Another REST day for me today, also tomorrow too.

Next scheduled exercise day, Sunday! Can't wait, but I will ;) I need to rest though, my arms are killing me in the bend of my elbow and my biceps hurt.
I worked them out Monday! I must of really tore those fibers down.

Well see ya Sunday!

Becca~ Sun, Sep-13-09 17:06

So happy to be back in the gym today. I did a killer leg circuit and I'm starting to feel the effects of it! I think I might do an epsom salt soak tonight! ;)

Here's what I did:

Deadlifts 20 reps, elevated toes 35# (2 sets)
Sled: Wide leg plies, 40 pounds 12 reps (2 sets)
Wide leg plies, 20 pounds, 20 reps (2 sets)
Single leg leg press, 20 pounds, 15 reps (2 sets) each leg
calves 20 pounds, 20 reps (3 sets)

Hamstring: machine single leg curl 20 reps each leg 10 pounds (1 set)
1/2 way hamstring curls 15 reps 15 pounds (1 set)
full extensions 15 reps (1 set)

Smith squat 70# 10 reps (1 set)
smith squat 50# 20 reps (1 set)
walking lunges 20 reps (1 set)
bench step ups alternating legs 20 reps (1 set)

ABS:
crunches 20 reps (2 sets)
leg raises 20 reps (2 sets)
raised leg crunches 20 reps (2 sets)

Becca~ Mon, Sep-14-09 14:01

Week 4!!!
 
Week 4~ I can hardly believe it!! I had a great workout today at the gym, worked chest and triceps.
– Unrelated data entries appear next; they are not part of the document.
lemma two_times_dual_Lat_in_Lat:
  assumes "w \<in> dual Lat"
  shows "(\<lambda>t. 2 * w t) \<in> Lat"
proof -
  have "bform w (\<lambda>i. if i = j then 1 else 0) \<in> \<int>" for j
    using assms unit_in_Lat unfolding dual_def by blast
  from this[of 0] this[of 1] this[of 2] this[of 3] this[of 4] this[of 5] this[of 6] this[of 7]
  show ?thesis
    unfolding Lat_def mem_Collect_eq forall_8 by (simp add: bform_explicit)
qed

lemma in_Lat_if_integral_on_dual_Lat:
  assumes "\<And>w. w \<in> dual Lat \<Longrightarrow> bform z w \<in> \<int>"
  shows "z \<in> Lat"
proof -
  have unit: "bform z (\<lambda>i. if i = j then 1 else 0) \<in> \<int>" for j
    using assms subset_dual[of Lat] unit_in_Lat by blast
  have half_unit: "bform z (\<lambda>i. if i = j then 1/2 else 0) \<in> \<int>" if "j = 6 \<or> j = 7" for j
  proof (rule assms)
    have "(\<lambda>i. if i = j then 1/2 else 0) \<in> qspan Lat"
      using scaled_in_qspan[OF unit_in_Lat, of "1/2" j] by (simp add: if_distrib cong: if_cong)
    moreover have "bform (\<lambda>i. if i = j then 1/2 else 0) m \<in> \<int>" if "m \<in> Lat" for m
      using \<open>j = 6 \<or> j = 7\<close> \<open>m \<in> Lat\<close> unfolding Lat_def by (auto simp: bform_explicit)
    ultimately show "(\<lambda>i. if i = j then 1/2 else 0) \<in> dual Lat"
      unfolding dual_def by blast
  qed
  from unit[of 0] unit[of 1] unit[of 2] unit[of 3] unit[of 4] unit[of 5] half_unit[of 6] half_unit[of 7]
  show ?thesis
    unfolding Lat_def mem_Collect_eq forall_8 by (simp add: bform_explicit)
qed

lemma two_elementary_if_xor_hom:
  fixes \<psi> :: "vec8 \<Rightarrow> 'a::finite \<Rightarrow> bool"
  assumes "M \<noteq> {}"
    and hom: "\<And>x y. x \<in> dual M \<Longrightarrow> y \<in> dual M \<Longrightarrow> \<psi> (\<lambda>t. x t + y t) = (\<lambda>i. \<psi> x i \<noteq> \<psi> y i)"
    and kernel: "{x \<in> dual M. \<psi> x = (\<lambda>_. False)} = M"
  shows "two_elementary M"
proof -
  have zero_in: "(\<lambda>_. False) \<in> \<psi> ` dual M"
    using \<open>M \<noteq> {}\<close> kernel by force
  moreover have "(\<lambda>i. u i \<noteq> v i) \<in> \<psi> ` dual M"
    if u: "u \<in> \<psi> ` dual M" and v: "v \<in> \<psi> ` dual M" for u v
  proof -
    obtain x y where "x \<in> dual M" "y \<in> dual M" "u = \<psi> x" "v = \<psi> y"
      using u v by blast
    then have "(\<lambda>i. u i \<noteq> v i) = \<psi> (\<lambda>t. x t + y t)" and "(\<lambda>t. x t + y t) \<in> dual M"
      using hom dual_add by simp_all
    then show ?thesis by simp
  qed
  ultimately obtain a and \<beta> :: "('a \<Rightarrow> bool) \<Rightarrow> nat \<Rightarrow> bool"
    where \<beta>: "bij_betw \<beta> (\<psi> ` dual M) {v. \<forall>n\<ge>a. \<not> v n}"
      and \<beta>_add: "\<And>u v. \<beta> (\<lambda>i. u i \<noteq> v i) = (\<lambda>n. \<beta> u n \<noteq> \<beta> v n)"
    using xor_closed_iso_bool_vectors[of "\<psi> ` dual M"] by meson
  have \<beta>_zero: "\<beta> (\<lambda>_. False) = (\<lambda>_. False)"
    using \<beta>_add[of "\<lambda>_. False" "\<lambda>_. False"] by (simp add: fun_eq_iff)
  have "\<beta> (\<psi> x) = (\<lambda>_. False) \<longleftrightarrow> \<psi> x = (\<lambda>_. False)" if "x \<in> dual M" for x
    using that inj_on_eq_iff[OF bij_betw_imp_inj_on[OF \<beta>] _ zero_in] \<beta>_zero by simp
  then have "{x \<in> dual M. \<beta> (\<psi> x) = (\<lambda>_. False)} = M"
    using kernel by blast
  moreover have "\<forall>x\<in>dual M. \<forall>y\<in>dual M. \<beta> (\<psi> (\<lambda>t. x t + y t)) = (\<lambda>i. \<beta> (\<psi> x) i \<noteq> \<beta> (\<psi> y) i)"
    using hom \<beta>_add by simp
  moreover have "(\<lambda>x. \<beta> (\<psi> x)) ` dual M = {v. \<forall>i\<ge>a. \<not> v i}"
    using \<beta> unfolding bij_betw_def by (simp add: image_image)
  ultimately show ?thesis
    unfolding two_elementary_def by (intro exI[of _ a] exI[of _ "\<lambda>x. \<beta> (\<psi> x)"] conjI)
qed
My hubby really pushed me I'm glad he did, I'm so proud of myself and I am really loving this gym thing. It's kinda funny, cuz I really didn't want to do this gym thing at all! I always felt so self conscious and "weird" at the gym. My husband kept begging me, I'm glad he didn't give up asking me to go with him, I bet he was surprised when he asked again and I finally said yes, we've been going strong ever since. I really like working out with him, because I can go heavier than I normally would and I know he's got me if I fatigue out.

Here's today's routine
CHEST:
Chest press: 30 # 20 reps (set 1, warm up)/45# 12 reps (set 2)/8 reps 50# (set 3)/ 20 # 20 reps (set 4)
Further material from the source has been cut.